MS: To be very clear, we’re not the first product — there’s tons of apps to track cattle. So I always ask myself, what’s our reason for existing? Why do we deserve to exist?
I think what we’ve done, with a product on WhatsApp that’s simple, resonates.
AFN: In which countries is FieldData currently available?
MS: We have customers right now in the US, Mexico, Argentina, Paraguay, and Uruguay. We launched [the tool] in English about a month ago, and we’re also very bullish on Australia and New Zealand.
AFN: How do ranchers’ needs differ from country to country?
MS: Everyone tells me the same thing, which is that data entry is a huge bottleneck.

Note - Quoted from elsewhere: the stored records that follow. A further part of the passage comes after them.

lemma hw_pair_nth [simp]: "hw [a, b] x 0 = a" "hw [a, b] x (Suc 0) = b"
  by (simp_all add: hw_def)

lemma shift_hw_pair [simp]: "shift 2 (hw [a, b] x) = x" "shift (Suc 0) (hw [a, b] x) = hw [b] x"
  by (auto simp: hw_def shift_def fun_eq_iff nth_Cons split: nat.split)

lemma cone_partition_letters: "cone_partition d d (\<lambda>k. [Suc k])"
  unfolding cone_partition_def
proof (intro conjI allI impI)
  show "(\<Union>k<d. cone d [Suc k]) = cantor d"
  proof (intro equalityI subsetI)
    fix x assume x: "x \<in> cantor d"
    then have "x 0 \<in> {1..d}" by (simp add: cantor_def)
    then show "x \<in> (\<Union>k<d. cone d [Suc k])"
      using x by (auto simp: cone_single intro!: bexI[of _ "x 0 - 1"])
  qed (use cone_subset_cantor in blast)
qed (auto simp: cone_Cons_Cons_disjoint)

text \<open>Enumerating the cones of \<open>x\<^sub>0\<close> by \<open>graft d d\<close> on the domain side and by \<open>graft 1 d\<close>
  on the range side, \<open>x0_perm\<close> is the induced permutation of indices.\<close>
definition x0_perm :: "nat \<Rightarrow> nat \<Rightarrow> nat" where
  "x0_perm d k = (if k = 0 then d - 1 else if k < d then d + k - 1 else k - d)"

lemma bij_x0_perm:
  assumes "d \<ge> 1"
  shows "bij_betw (x0_perm d) {..<d + (d - 1)} {..<d + (d - 1)}"
proof -
  have "inj_on (x0_perm d) {..<d + (d - 1)}"
    by (auto simp: inj_on_def x0_perm_def split: if_splits)
  moreover have "x0_perm d ` {..<d + (d - 1)} \<subseteq> {..<d + (d - 1)}"
    using assms by (auto simp: x0_perm_def)
  ultimately show ?thesis by (simp add: bij_betw_def endo_inj_surj)
qed

lemma thompson_x0_cones:
  assumes d: "d \<ge> 2" and k: "k < d + (d - 1)" and \<kappa>: "\<kappa> \<in> cantor d"
  shows "thompson_x0 d (hw (graft d d (\<lambda>k. [Suc k]) k) \<kappa>)
    = hw (graft 1 d (\<lambda>k. [Suc k]) (x0_perm d k)) \<kappa>"
proof -
  have in_cantor: "hw w \<kappa> \<in> cantor d" if "set w \<subseteq> {1..d}" for w
    using hw_in_cantor[OF _ \<kappa>] that by (simp add: words_def)
  consider "k = 0" | "0 < k" "k < d" | "d \<le> k" by linarith
  then show ?thesis
  proof cases
    case 1
    then show ?thesis
      using d in_cantor[of "[d, 1]"] by (simp add: graft_def x0_perm_def thompson_x0_def)
  next
    case 2
    then show ?thesis
      using d in_cantor[of "[d, Suc k]"]
      by (auto simp: graft_def x0_perm_def thompson_x0_def other_letter_def)
  next
    case 3
    then have "graft d d (\<lambda>k. [Suc k]) k = [Suc (k - d)]"
      and "graft 1 d (\<lambda>k. [Suc k]) (x0_perm d k) = [1, Suc (k - d)]"
      using k by (auto simp: graft_def other_letter_def x0_perm_def)
    moreover have "Suc (k - d) < d" using k 3 by linarith
    ultimately show ?thesis
      using in_cantor[of "[Suc (k - d)]"] by (simp add: thompson_x0_def hw_append)
  qed
qed

lemma thompson_x0_lex_below_d:
  assumes \<kappa>: "\<kappa> \<in> cantor d" and \<mu>: "\<mu> \<in> cantor d" and less: "lex_less \<kappa> \<mu>"
    and \<kappa>0: "\<kappa> 0 < d"
  shows "lex_less (thompson_x0 d \<kappa>) (thompson_x0 d \<mu>)"
proof -
  have \<mu>_le: "\<mu> n \<in> {1..d}" for n using \<mu> by (simp add: cantor_def)
  consider "\<mu> 0 < d" | "\<mu> 0 = d" "\<mu> 1 = 1" | "\<mu> 0 = d" "\<mu> 1 \<noteq> 1"
    using \<mu>_le[of 0] by fastforce
  then show ?thesis
  proof cases
    case 1
    then show ?thesis using \<kappa>0 \<kappa> \<mu> less by (simp add: thompson_x0_def lex_less_hw)
  next
    case 2
    then show ?thesis using \<kappa>0 \<kappa> \<mu> by (simp add: thompson_x0_def lex_less_second)
  next
    case 3
    then have "1 < \<mu> 1" using \<mu>_le[of 1] by simp
    then show ?thesis using \<kappa>0 3 \<kappa> \<mu> by (simp add: thompson_x0_def lex_less_head shift_def)
  qed
qed

lemma thompson_x0_lex:
  assumes \<kappa>: "\<kappa> \<in> cantor d" and \<mu>: "\<mu> \<in> cantor d" and less: "lex_less \<kappa> \<mu>"
  shows "lex_less (thompson_x0 d \<kappa>) (thompson_x0 d \<mu>)"
proof -
  have \<kappa>_le: "\<kappa> n \<in> {1..d}" and \<mu>_le: "\<mu> n \<in> {1..d}" for n
    using \<kappa> \<mu> by (simp_all add: cantor_def)
  consider (low) "\<kappa> 0 < d" | (high) "\<kappa> 0 = d" "\<mu> 0 = d"
    using lex_less_head_le[OF less] \<kappa>_le[of 0] \<mu>_le[of 0] by fastforce
  then show ?thesis
  proof cases
    case low
    then show ?thesis using thompson_x0_lex_below_d[OF \<kappa> \<mu> less] by blast
  next
    case high
    have tail: "lex_less (shift 1 \<kappa>) (shift 1 \<mu>)" using lex_less_shift[OF less] high by simp
    have "\<kappa> 1 \<le> \<mu> 1" using lex_less_head_le[OF tail] by (simp add: shift_def)
    consider (both) "\<kappa> 1 = 1" "\<mu> 1 = 1" | (left) "\<kappa> 1 = 1" "\<mu> 1 \<noteq> 1"
      | (neither) "\<kappa> 1 \<noteq> 1" "\<mu> 1 \<noteq> 1"
      using \<open>\<kappa> 1 \<le> \<mu> 1\<close> \<kappa>_le[of 1] by fastforce
    then show ?thesis
    proof cases
      case both
      have "shift 1 \<kappa> 0 = shift 1 \<mu> 0" using both by (simp add: shift_def)
      then have "lex_less (shift 1 (shift 1 \<kappa>)) (shift 1 (shift 1 \<mu>))"
        by (rule lex_less_shift[OF tail])
      then have "lex_less (shift 2 \<kappa>) (shift 2 \<mu>)" by (simp add: shift_shift numeral_2_eq_2)
      then show ?thesis using both high \<kappa> \<mu> by (simp add: thompson_x0_def lex_less_hw)
    next
      case left
      then have "1 < \<mu> 1" using \<mu>_le[of 1] by simp
      then show ?thesis using high left \<kappa> \<mu> by (simp add: thompson_x0_def lex_less_head shift_def)
    next
      case neither
      then show ?thesis using high tail \<kappa> \<mu> by (simp add: thompson_x0_def)
    qed
  qed
qed

lemma thompson_x0_Fgrp:
  assumes d: "d \<ge> 2"
  shows "thompson_x0 d \<in> Fgrp d"
proof -
  have "cone_partition d (d + (d - 1)) (graft c d (\<lambda>k. [Suc k]))" if "c \<in> {1..d}" for c
    using cone_partition_graft[OF cone_partition_letters that] .
  then have "cone_partition d (d + (d - 1)) (graft d d (\<lambda>k. [Suc k]))"
    and "cone_partition d (d + (d - 1)) (graft 1 d (\<lambda>k. [Suc k]))"
    using d by auto
  then show ?thesis
  proof (rule Fgrp_intro[OF _ _ bij_x0_perm])
    show "\<forall>\<kappa>. \<kappa> \<notin> cantor d \<longrightarrow> thompson_x0 d \<kappa> = \<kappa>" by (simp add: thompson_x0_def)
  qed (use d thompson_x0_cones thompson_x0_lex in auto)
qed

section \<open>Non-trivial elements of \<open>V\<^sub>d(G)\<close> displace a cone\<close>

lemma Vgrp_local_form:
  assumes "f \<in> Vgrp d G" "\<kappa> \<in> cantor d"
  obtains p q g where "\<kappa> \<in> cone d p" "g \<in> G"
    "\<forall>x\<in>cone d p. f x = hw q (bact g (shift (length p) x))"
proof -
  obtain n wp wm j gs where V: "V_data d G f n wp wm j gs"
    using assms(1) by (auto simp: Vgrp_def)
  then obtain k where k: "k < n" "\<kappa> \<in> cone d (wp k)"
    using cone_partitionE[OF _ assms(2)] by (auto simp: V_data_iff)
  have "f x = hw (wm (j k)) (bact (gs k) (shift (length (wp k)) x))" if "x \<in> cone d (wp k)" for x
    using V k(1) shift_cone_in_cantor[OF that] hw_shift_cone[OF that] unfolding V_data_iff by metis
  then show ?thesis using that[of "wp k" "gs k"] V k by (auto simp: V_data_iff)
qed

lemma bact_nth_eq:
  assumes "\<forall>i\<le>n. x i = y i"
  shows "bact g x n = bact g y n"
proof -
  have "map x [0..<Suc n] = map y [0..<Suc n]"
    using assms by (simp add: map_eq_conv less_Suc_eq_le del: upt_Suc)
  then show ?thesis by (simp only: bact_def)
qed

lemma hw_bact_shift_nth_eq:
  assumes "\<forall>i<m + n + 1. x i = y i"
  shows "hw q (bact g (shift m x)) n = hw q (bact g (shift m y)) n"
proof (cases "n < length q")
  case False
  have "bact g (shift m x) (n - length q) = bact g (shift m y) (n - length q)"
    using assms by (intro bact_nth_eq) (auto simp: shift_def)
  then show ?thesis using False by (simp add: hw_def)
qed (simp add: hw_def)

What is quite different is the profile of the end user. In the US, the end users are more digitally native. And then I would say American ranchers want to track even more data, and there are also a lot more compliance requirements in the US [than in Latin America].
We can do analysis of things like, how many rations have been eaten in a given field over time. That’s actually quite easy to calculate, but you need to know all of the cattle rotations. Ranchers are now increasingly asking us for data like that.
We solved the first part of the problem, so that ranchers no longer need to go running around, chasing people to get data and updating spreadsheets. Now they still have a lot of analysis left and want someone to just do it for them.
And if we can show that good practices, regenerative practices, are also better for the bottom line, that could become really, really powerful.
AFN: What’s next?
MS: Expanding beyond Latin America. On the commercial side, that’s the number one priority.
An interesting strategic decision we need to make is whether we want to just stay with cattle ranching or do we want to [expand to] the whole agriculture piece?
What’s interesting to me is that cattle ranching is actually a pretty underserved market compared to, say cash crops with all their software and IoT for tractors and such. The niche in which we play is actually quite good for expansion.
When we started this, the amount of people who told me “You’re not going to get ranchers to pay $1,000 a year for software.”
I’m very proud that we proved them wrong. To be very honest, people who are not in the space don’t realize how sophisticated ranching has become over the last 30 years. It’s no longer just “hey, we have a field, let’s put some cows on it.”
There’s also this transformation happening within the industry itself that I think we’re calculating quite nicely, which that all these businesses actually want to really up level their operations.